Required action. Produce a verbatim copy of the lines from the one holding "using assms by (cases x; cases y) (auto intro: order_trans)" through the last line of the listing, and nothing else.

Extracted information.
lemma density_PiM_prod:
  fixes g :: "'i \<Rightarrow> 'a \<Rightarrow> ennreal"
  assumes I: "finite I" and sf_M: "\<And>i. sigma_finite_measure (M i)"
    and sf_density: "\<And>i. sigma_finite_measure (density (M i) (g i))"
    and g[measurable]: "\<And>i. g i \<in> borel_measurable (M i)"
  shows "density (PiM I M) (\<lambda>x. \<Prod>i\<in>I. g i (x i)) = PiM I (\<lambda>i. density (M i) (g i))"
proof -
  interpret D: product_sigma_finite "\<lambda>i. density (M i) (g i)"
    by (simp add: product_sigma_finite_def sf_density)
  interpret M: product_sigma_finite M
    by (simp add: product_sigma_finite_def sf_M)
  show ?thesis
  proof (rule D.PiM_eqI[OF I])
    show "sets (density (PiM I M) (\<lambda>x. \<Prod>i\<in>I. g i (x i))) = sets (PiM I (\<lambda>i. density (M i) (g i)))"
      unfolding sets_density by (intro sets_PiM_cong) simp_all
  next
    fix A assume "\<And>i. i \<in> I \<Longrightarrow> A i \<in> sets (density (M i) (g i))"
    then have A: "\<And>i. i \<in> I \<Longrightarrow> A i \<in> sets (M i)" by simp
    have "(\<lambda>x. \<Prod>i\<in>I. g i (x i)) \<in> borel_measurable (PiM I M)" by measurable
    moreover have "PiE I A \<in> sets (PiM I M)" using sets_PiM_I_finite[OF I A] by simp
    ultimately have "emeasure (density (PiM I M) (\<lambda>x. \<Prod>i\<in>I. g i (x i))) (PiE I A)
        = (\<integral>\<^sup>+ x. (\<Prod>i\<in>I. g i (x i)) * indicator (PiE I A) x \<partial>PiM I M)"
      by (rule emeasure_density)
    also have "\<dots> = (\<integral>\<^sup>+ x. (\<Prod>i\<in>I. g i (x i) * indicator (A i) (x i)) \<partial>PiM I M)"
    proof (rule nn_integral_cong)
      fix x assume "x \<in> space (PiM I M)"
      then have "x \<in> extensional I" by (simp add: space_PiM PiE_iff)
      then show "(\<Prod>i\<in>I. g i (x i)) * indicator (PiE I A) x
          = (\<Prod>i\<in>I. g i (x i) * indicator (A i) (x i))"
        by (simp add: prod.distrib prod_indicator_eq_indicator_PiE[OF I])
    qed
    also have "\<dots> = (\<Prod>i\<in>I. \<integral>\<^sup>+ y. g i y * indicator (A i) y \<partial>M i)"
    proof (rule M.product_nn_integral_prod[OF I])
      fix i assume "i \<in> I"
      then have [measurable]: "A i \<in> sets (M i)" by (rule A)
      show "(\<lambda>y. g i y * indicator (A i) y) \<in> borel_measurable (M i)" by measurable
    qed
    also have "\<dots> = (\<Prod>i\<in>I. emeasure (density (M i) (g i)) (A i))"
      by (intro prod.cong refl) (simp add: emeasure_density A)
    finally show "emeasure (density (PiM I M) (\<lambda>x. \<Prod>i\<in>I. g i (x i))) (PiE I A)
        = (\<Prod>i\<in>I. emeasure (density (M i) (g i)) (A i))" .
  qed
qed
lemma stabilizer_factorization:
  fixes f u :: "'a \<Rightarrow> 'a"
  assumes "inj f" "range f \<subseteq> T - S"
  shows "\<exists>g\<in>stabilizer S. \<exists>h\<in>stabilizer T. u = g \<circ> h"
proof (intro bexI)
  define g where "g y = (if y \<in> range f then u (inv f y) else y)" for y
  show "u = g \<circ> f" unfolding g_def using assms(1) by (auto simp: inv_f_f)
  show "g \<in> stabilizer S" "f \<in> stabilizer T"
    unfolding g_def stabilizer_def using assms(2) by auto
qed

definition retraction :: "'a set \<Rightarrow> 'a \<Rightarrow> 'a \<Rightarrow> 'a" where
  "retraction R c x = (if x \<in> R then x else c)"

lemma retraction_idem: "c \<in> R \<Longrightarrow> retraction R c \<circ> retraction R c = retraction R c"
  by (auto simp: retraction_def)

lemma fixpoints_retraction: "c \<in> R \<Longrightarrow> {x. retraction R c x = x} = R"
  by (auto simp: retraction_def)

lemma inj_case_mlat:
  assumes "inj f" "b \<noteq> t" "b \<notin> range f" "t \<notin> range f"
  shows "inj (case_mlat b t f)"
proof (rule injI)
  fix x y assume "case_mlat b t f x = case_mlat b t f y"
  then show "x = y" using assms by (cases x; cases y) (auto simp: inj_eq)
qed

lemma case_mlat_mono:
  fixes b t :: "'b :: order"
  assumes "\<And>i. b \<le> f i \<and> f i \<le> t" "mle x y"
  shows "case_mlat b t f x \<le> case_mlat b t f y"
  using assms by (cases x; cases y) (auto intro: order_trans)

lemma mjoin_hom:
  assumes "\<And>x y. mle x y \<Longrightarrow> J (g x) (g y) = g y \<and> J (g y) (g x) = g y"
    and "\<And>i j. i \<noteq> j \<Longrightarrow> J (g (MAt i)) (g (MAt j)) = g MTop"
  shows "g (mjoin x y) = J (g x) (g y)"
  using assms by (cases x; cases y) (auto simp: mjoin_def)

lemma mmeet_hom:
  assumes "\<And>x y. mle x y \<Longrightarrow> J (g x) (g y) = g x \<and> J (g y) (g x) = g x"
    and "\<And>i j. i \<noteq> j \<Longrightarrow> J (g (MAt i)) (g (MAt j)) = g MBot"
  shows "g (mmeet x y) = J (g x) (g y)"
  using assms by (cases x; cases y) (auto simp: mmeet_def)

definition local_clone_embedding :: "('i mlat \<Rightarrow> 'a op set) \<Rightarrow> bool" where
  "local_clone_embedding \<phi> \<longleftrightarrow>
     (\<forall>x. is_local_clone (\<phi> x)) \<and> inj \<phi> \<and> (\<forall>x y. mle x y \<longrightarrow> \<phi> x \<subseteq> \<phi> y)"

Written solution.
  using assms by (cases x; cases y) (auto intro: order_trans)

lemma mjoin_hom:
  assumes "\<And>x y. mle x y \<Longrightarrow> J (g x) (g y) = g y \<and> J (g y) (g x) = g y"
    and "\<And>i j. i \<noteq> j \<Longrightarrow> J (g (MAt i)) (g (MAt j)) = g MTop"
  shows "g (mjoin x y) = J (g x) (g y)"
  using assms by (cases x; cases y) (auto simp: mjoin_def)

lemma mmeet_hom:
  assumes "\<And>x y. mle x y \<Longrightarrow> J (g x) (g y) = g x \<and> J (g y) (g x) = g x"
    and "\<And>i j. i \<noteq> j \<Longrightarrow> J (g (MAt i)) (g (MAt j)) = g MBot"
  shows "g (mmeet x y) = J (g x) (g y)"
  using assms by (cases x; cases y) (auto simp: mmeet_def)

definition local_clone_embedding :: "('i mlat \<Rightarrow> 'a op set) \<Rightarrow> bool" where
  "local_clone_embedding \<phi> \<longleftrightarrow>
     (\<forall>x. is_local_clone (\<phi> x)) \<and> inj \<phi> \<and> (\<forall>x y. mle x y \<longrightarrow> \<phi> x \<subseteq> \<phi> y)"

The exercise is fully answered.